0%

Accessing predicted protein structures in the AlphaFold Database

Users can download many predicted protein structures from the AlphaFold Protein Structure Database (AFDB), without running the AlphaFold algorithm. Each predicted structure comes with valuable metadata and confidence metrics, supporting critical assessment. The database is freely available and can be accessed via multiple routes.

Contents of the AFDB

Google DeepMind and EMBL-EBI collaboratively developed the AlphaFold Protein Structure Database (AFDB). Their aim was to democratise predictions and make them widely available to the scientific community.

As of 2023, the AlphaFold Protein Structure Database (AFDB) hosts over 214 million entries: equivalent to almost the entirety of UniProt. The collection includes protein structures from over 1 million organisms, including model organisms and WHO pathogens of interest.

Users can search by the protein name, UniProt accession number or protein sequence.
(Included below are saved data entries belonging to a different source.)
section \<open>A path on the sphere\<close>

lemma abs_convex_comb3_le:
  fixes a b c x y z e k :: real
  assumes "0 \<le> a" "0 \<le> b" "0 \<le> c" "a + b + c = 1"
    and "\<bar>x - e\<bar> \<le> k" "\<bar>y - e\<bar> \<le> k" "\<bar>z - e\<bar> \<le> k"
  shows "\<bar>a*x + b*y + c*z - e\<bar> \<le> k"
proof -
  have a: "a = 1 - b - c" using assms(4) by simp
  have "a*x + b*y + c*z - e = a*(x - e) + b*(y - e) + c*(z - e)"
    unfolding a by (simp add: algebra_simps)
  also have "\<bar>\<dots>\<bar> \<le> \<bar>a*(x - e)\<bar> + \<bar>b*(y - e)\<bar> + \<bar>c*(z - e)\<bar>"
    by (rule order_trans[OF abs_triangle_ineq add_mono[OF abs_triangle_ineq order_refl]])
  also have "\<dots> = a*\<bar>x - e\<bar> + b*\<bar>y - e\<bar> + c*\<bar>z - e\<bar>"
    using assms(1-3) by (simp add: abs_mult)
  also have "\<dots> \<le> a*k + b*k + c*k"
    using assms by (intro add_mono mult_left_mono) auto
  also have "\<dots> = k"
    unfolding a by (simp add: algebra_simps)
  finally show ?thesis .
qed

lemma Metric_space_weighted_sum:
  assumes "Metric_space S d" "Metric_space S1 d1" "Metric_space S2 d2"
    and "f1 ` S \<subseteq> S1" "f2 ` S \<subseteq> S2" and "0 \<le> a" "0 < b" "0 \<le> c"
  shows "Metric_space S (\<lambda>x y. a * d1 (f1 x) (f1 y) + b * d x y + c * d2 (f2 x) (f2 y))"
proof -
  interpret S: Metric_space S d by fact
  interpret S1: Metric_space S1 d1 by fact
  interpret S2: Metric_space S2 d2 by fact
  show ?thesis
  proof
    fix x y
    show "0 \<le> a * d1 (f1 x) (f1 y) + b * d x y + c * d2 (f2 x) (f2 y)"
      using assms(6-8) by simp
    show "a * d1 (f1 x) (f1 y) + b * d x y + c * d2 (f2 x) (f2 y)
        = a * d1 (f1 y) (f1 x) + b * d y x + c * d2 (f2 y) (f2 x)"
      by (simp add: S.commute S1.commute S2.commute)
  next
    fix x y assume xy: "x \<in> S" "y \<in> S"
    show "a * d1 (f1 x) (f1 y) + b * d x y + c * d2 (f2 x) (f2 y) = 0 \<longleftrightarrow> x = y"
    proof
      assume "a * d1 (f1 x) (f1 y) + b * d x y + c * d2 (f2 x) (f2 y) = 0"
      moreover have "0 \<le> a * d1 (f1 x) (f1 y)" "0 \<le> b * d x y" "0 \<le> c * d2 (f2 x) (f2 y)"
        using assms(6-8) by auto
      ultimately have "b * d x y = 0" by linarith
      then show "x = y" using xy \<open>0 < b\<close> by simp
    next
      assume "x = y"
      then show "a * d1 (f1 x) (f1 y) + b * d x y + c * d2 (f2 x) (f2 y) = 0"
        using xy assms(4,5) by (simp add: image_subset_iff)
    qed
  next
    fix x y z assume xyz: "x \<in> S" "y \<in> S" "z \<in> S"
    have "d1 (f1 x) (f1 z) \<le> d1 (f1 x) (f1 y) + d1 (f1 y) (f1 z)"
      using xyz assms(4) by (intro S1.triangle) auto
    then have "a * d1 (f1 x) (f1 z) \<le> a * d1 (f1 x) (f1 y) + a * d1 (f1 y) (f1 z)"
      using assms(6) by (simp add: mult_left_mono flip: distrib_left)
    moreover have "b * d x z \<le> b * d x y + b * d y z"
      using S.triangle[OF xyz] assms(7) by (simp add: mult_left_mono flip: distrib_left)
    moreover have "d2 (f2 x) (f2 z) \<le> d2 (f2 x) (f2 y) + d2 (f2 y) (f2 z)"
      using xyz assms(5) by (intro S2.triangle) auto
    then have "c * d2 (f2 x) (f2 z) \<le> c * d2 (f2 x) (f2 y) + c * d2 (f2 y) (f2 z)"
      using assms(8) by (simp add: mult_left_mono flip: distrib_left)
    ultimately show "a * d1 (f1 x) (f1 z) + b * d x z + c * d2 (f2 x) (f2 z)
        \<le> a * d1 (f1 x) (f1 y) + b * d x y + c * d2 (f2 x) (f2 y) +
           (a * d1 (f1 y) (f1 z) + b * d y z + c * d2 (f2 y) (f2 z))"
      by linarith
  qed
qed

lemma inj_on_Plus_of_inj_on_product:
  assumes "inj_on g (A \<times> B \<times> C \<times> D)" "a0 \<in> A" "b0 \<in> B" "c0 \<in> C" "d0 \<in> D" "d1 \<in> D" "d0 \<noteq> d1"
  shows "inj_on (case_sum (\<lambda>a. g (a, b0, c0, d0)) (\<lambda>b. g (a0, b, c0, d1))) (A <+> B)"
proof (rule inj_onI)
  fix p q assume "p \<in> A <+> B" "q \<in> A <+> B"
    and "case_sum (\<lambda>a. g (a, b0, c0, d0)) (\<lambda>b. g (a0, b, c0, d1)) p
       = case_sum (\<lambda>a. g (a, b0, c0, d0)) (\<lambda>b. g (a0, b, c0, d1)) q"
  then show "p = q"
    using assms by (elim PlusE) (auto dest: inj_onD)
qed

locale GH_sphere_pair =
  M: Metric_space M dM + Y1: Metric_space Y1 d1 + Y2: Metric_space Y2 d2
  for M :: "'m set" and dM and Y1 :: "'a set" and d1 and Y2 :: "'b set" and d2 +
  fixes r :: real and idx1 :: "'a \<Rightarrow> 'm" and idx2 :: "'b \<Rightarrow> 'm"
  assumes r_pos: "0 < r"
    and s_bound: "ereal (4*r) < s_inv M dM" and e_bound: "ereal (4*r) < e_inv M dM"
    and t_bound: "ereal (2*r) < t_inv M dM"
    and dGH_Y1: "dGH M dM Y1 d1 = ereal r" and dGH_Y2: "dGH M dM Y2 d2 = ereal r"
    and idx1: "onto_dis_le (2*r) idx1 Y1 d1 M dM" and idx2: "onto_dis_le (2*r) idx2 Y2 d2 M dM"
begin

lemma dM_gt: "i \<in> M \<Longrightarrow> j \<in> M \<Longrightarrow> i \<noteq> j \<Longrightarrow> 4*r < dM i j"
  by (rule dist_gt_if_less_s_inv[OF s_bound])

lemma dM_defect_gt:
  assumes "i \<in> M" "j \<in> M" "l \<in> M" "i \<noteq> j" "j \<noteq> l" "i \<noteq> l"
  shows "dM i l + 2*r < dM i j + dM j l"
  using defect_gt_if_less_t_inv[OF t_bound assms] by simp

lemma idx1_in: "a \<in> Y1 \<Longrightarrow> idx1 a \<in> M"
  using idx1 unfolding onto_dis_le_def by blast

lemma idx2_in: "b \<in> Y2 \<Longrightarrow> idx2 b \<in> M"
  using idx2 unfolding onto_dis_le_def by blast

lemma idx1_dis: "a \<in> Y1 \<Longrightarrow> a' \<in> Y1 \<Longrightarrow> \<bar>d1 a a' - dM (idx1 a) (idx1 a')\<bar> \<le> 2*r"
  using idx1 unfolding onto_dis_le_def by (simp add: abs_minus_commute)

lemma idx2_dis: "b \<in> Y2 \<Longrightarrow> b' \<in> Y2 \<Longrightarrow> \<bar>d2 b b' - dM (idx2 b) (idx2 b')\<bar> \<le> 2*r"
  using idx2 unfolding onto_dis_le_def by (simp add: abs_minus_commute)

fun idx :: "'a + 'b \<Rightarrow> 'm" where
  "idx (Inl a) = idx1 a"
| "idx (Inr b) = idx2 b"

lemma idx_in: "p \<in> Y1 <+> Y2 \<Longrightarrow> idx p \<in> M"
  by (auto simp: idx1_in idx2_in)

definition cross_dist :: "'m \<Rightarrow> 'm \<Rightarrow> real" where
  "cross_dist i j = (if i = j then 2*r else dM i j)"

lemma cross_dist_commute: "cross_dist i j = cross_dist j i"
  unfolding cross_dist_def by (simp add: M.commute)

lemma cross_dist_pos: "i \<in> M \<Longrightarrow> j \<in> M \<Longrightarrow> 0 < cross_dist i j"
  unfolding cross_dist_def using r_pos dM_gt[of i j] by auto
Figure 21. You can search the AFDB in many ways, including: protein name, gene name, UniProt ID, organism name and amino acid sequence

Every predicted protein structure has a dedicated page. This contains a visualisation of the structure, plus instant access to the pLDDT scores and PAE plot. This allows fast judgement of the prediction quality for the individual structures. The structure page also contains related links and information, including a link to the protein’s UniProt page and information on the protein’s function and structural cluster.

Users can download data from AFDB. The atomic coordinates are available in PDB and mmCIF formats, while PAEs are presented in JSON format.

The data files in the archive are versioned, and previous versions are available via FTP, but the web pages will always display the latest version.

Figure 22. Timeline of key milestones in the development and use of the AlphaFold Protein Structure Database (AFDB), developed by Google DeepMind and EMBL-EBI in partnership.